IEEE 754 standard is widely used in engineering and programming.
Most modern microprocessors are manufactured with hardware realization of representations of real variables in the format of IEEE754.
Programming language and the programmer can not change this situation, a repose of a real number in the microprocessor does not exist.
When creating the standard IEEE754-1985 representation of a real variable in the form of 4 or 8 bytes seem very large value, since the amount of RAM MS-DOS was equal to 1 MB.
A program in this system could be used only 0.64 MB.
For modern operating systems the size of 8 bytes is null and void, nevertheless the variables in most microprocessors continue to be in the format IEEE754-1985.
Consider the error computing, caused by the use of numbers in the format of IEEE754
This error is always present in computer calculations.

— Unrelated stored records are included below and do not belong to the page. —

(* Let $n>2$. If $n$ is odd, the Gale dual of $P(D_n)$ is (up to linear change of coordinates) a vector configuration in $\mathbb{R}$ consisting of $n$ copies of each of the vectors $1$ and $-1$. If $n=2m$ is even, the Gale dual of $P(D_n)$ is (up to linear change of coordinates) the vector configuration in $\mathbb{R}^2$ consisting of $m$ copies of each of the four vectors $[\pm1,0]^T$, $[0,\pm1]^T$.
   Context: Each $g\in S_n$ is identified with its $n\times n$ permutation matrix (entry $(i,j)$ is $1$ iff $g(i)=j$); $P(G)=\mathrm{conv}\{g:g\in G\}$. $D_n\le S_n$ is generated by $r=(1\ 2\ \cdots\ n)$ and $f=(1\ n)(2\ n-1)\cdots(\lfloor\frac{n+1}{2}\rfloor\ \lceil\frac{n+1}{2}\rceil)$. For a polytope with vertices $v_1,\dots,v_r$ and dimension $d$, its Gale dual is the configuration of columns $\overline{v}_1,\dots,\overline{v}_r\in\mathbb{R}^{r-d-1}$ of a matrix whose rows form a basis of the space of linear dependences $\{\lambda\in\mathbb{R}^r:\sum\lambda_iv_i=0\}$; it is unique up to linear change of coordinates. *)

theory Defs
  imports "HOL-Analysis.Analysis"
begin

text \<open>Permutations of {1..n} are represented as functions nat \<Rightarrow> nat fixing every
  point outside {1..n}.\<close>

definition rot :: "nat \<Rightarrow> nat \<Rightarrow> nat" where
  "rot n i = (if 1 \<le> i \<and> i \<le> n then i mod n + 1 else i)"

definition flip :: "nat \<Rightarrow> nat \<Rightarrow> nat" where
  "flip n i = (if 1 \<le> i \<and> i \<le> n then n + 1 - i else i)"

inductive_set dihedral :: "nat \<Rightarrow> (nat \<Rightarrow> nat) set" for n :: nat where
  id_in: "id \<in> dihedral n"
| rot_in: "rot n \<in> dihedral n"
| flip_in: "flip n \<in> dihedral n"
| comp_in: "g \<in> dihedral n \<Longrightarrow> h \<in> dihedral n \<Longrightarrow> g \<circ> h \<in> dihedral n"
| inv_in: "g \<in> dihedral n \<Longrightarrow> inv g \<in> dihedral n"

definition perm_entry :: "(nat \<Rightarrow> nat) \<Rightarrow> nat \<Rightarrow> nat \<Rightarrow> real" where
  "perm_entry g i j = (if g i = j then 1 else 0)"

text \<open>The space of linear dependences among the vertices (the permutation matrices
  of the elements of D_n) of P(D_n), as real functions on D_n (zero outside D_n).\<close>
definition dependences :: "nat \<Rightarrow> ((nat \<Rightarrow> nat) \<Rightarrow> real) set" where
  "dependences n = {lam. (\<forall>g. g \<notin> dihedral n \<longrightarrow> lam g = 0) \<and>
      (\<forall>i\<in>{1..n}. \<forall>j\<in>{1..n}. (\<Sum>g\<in>dihedral n. lam g * perm_entry g i j) = 0)}"

end

theory Submission
  imports Defs
begin

text \<open>Number the points \<open>1..n\<close> by the residues \<open>x = i - 1\<close> modulo \<open>n\<close>. Then \<open>D\<^sub>n\<close>
  consists of the \<open>2n\<close> maps \<open>\<rho>\<^sub>k : x \<mapsto> x + k\<close> and \<open>\<sigma>\<^sub>k : x \<mapsto> k - x\<close>, and entry \<open>(i, j)\<close> of
  \<open>\<Sum> \<lambda>\<^sub>g g\<close> is \<open>\<lambda>(\<rho>\<^sub>y\<^sub>-\<^sub>x) + \<lambda>(\<sigma>\<^sub>x\<^sub>+\<^sub>y)\<close> for \<open>x = i - 1\<close>, \<open>y = j - 1\<close>. Hence \<open>\<lambda>\<close> is a
  dependence iff \<open>\<lambda>(\<rho>\<^sub>y\<^sub>-\<^sub>x) = -\<lambda>(\<sigma>\<^sub>x\<^sub>+\<^sub>y)\<close> for all integers \<open>x, y\<close>; in particular
  \<open>\<lambda>(\<sigma>\<^sub>k) = -\<lambda>(\<rho>\<^sub>k)\<close> and \<open>\<lambda>(\<rho>\<^sub>k)\<close> depends only on the parity of \<open>k\<close>.
  For odd \<open>n\<close> the parity of \<open>k\<close> is not determined by \<open>\<rho>\<^sub>k\<close>, so \<open>\<lambda>(\<rho>\<^sub>k)\<close> is constant and the
  dependences are the multiples of the sign (\<open>+1\<close> on rotations, \<open>-1\<close> on reflections). For even
  \<open>n\<close> the parity is well defined and the dependences form a plane, spanned by the signs
  restricted to elements of even and of odd index.\<close>

definition affine_perm :: "nat \<Rightarrow> int \<Rightarrow> int \<Rightarrow> nat \<Rightarrow> nat" where
  "affine_perm n e k i =
     (if i \<in> {1..n} then nat ((e * (int i - 1) + k) mod int n) + 1 else i)"

abbreviation rotation :: "nat \<Rightarrow> int \<Rightarrow> nat \<Rightarrow> nat" where
  "rotation n k \<equiv> affine_perm n 1 k"

abbreviation reflection :: "nat \<Rightarrow> int \<Rightarrow> nat \<Rightarrow> nat" where
  "reflection n k \<equiv> affine_perm n (-1) k"

lemma affine_perm_apply:
  assumes "n > 0" "i \<in> {1..n}"
  shows "int (affine_perm n e k i) - 1 = (e * (int i - 1) + k) mod int n"
  using assms by (simp add: affine_perm_def)

lemma affine_perm_outside: "i \<notin> {1..n} \<Longrightarrow> affine_perm n e k i = i"
  unfolding affine_perm_def by (simp only: if_False)

lemma affine_perm_in_range:
  assumes "n > 0" "i \<in> {1..n}"
  shows "affine_perm n e k i \<in> {1..n}"
proof -
  have "nat ((e * (int i - 1) + k) mod int n) < n"
    using assms(1) by (simp add: nat_less_iff)
  then show ?thesis using assms(2) by (simp add: affine_perm_def)
qed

The reason for its occurrence is described in paragraph 7.4.
-6 for double 10^{-14}
The absolute errors can be significant, as for single 10^{31} and for double 10^{292},that may cause problems with calculations.
//Example 1. Error due to the precision of numbers in IEEE754 format #include "stdio.h" int main(int argc, char *argv[]) { float a, b, f; a=123456789; b=123456788; f=a-b; printf("Result: %f\n", f); return 0; } Result: 8.000000 (The answer should be 1.000000)
If the sample count on the paper, the answer is 1. Absolute error is +7.
Why get the wrong answer?
Number 123456789 in the single = 4CEB79A3hex (ieee) = 123456792 (dec) absolute error reporting is +3
Number 123456788 in the single = 4CEB79A2hex (ieee) = 123456784 (dec) absolute error reporting is -4
Relative error in the initial numbers of approximately 3,24 e-6%
As a result, one operation relative error of the result was 800%, ie increased by 2,5 e +8 times.
This is what I call"A dangerous reduction", ie catastrophic decrease of accuracy in the operation where the absolute value of the result is much smaller than any of the input variables.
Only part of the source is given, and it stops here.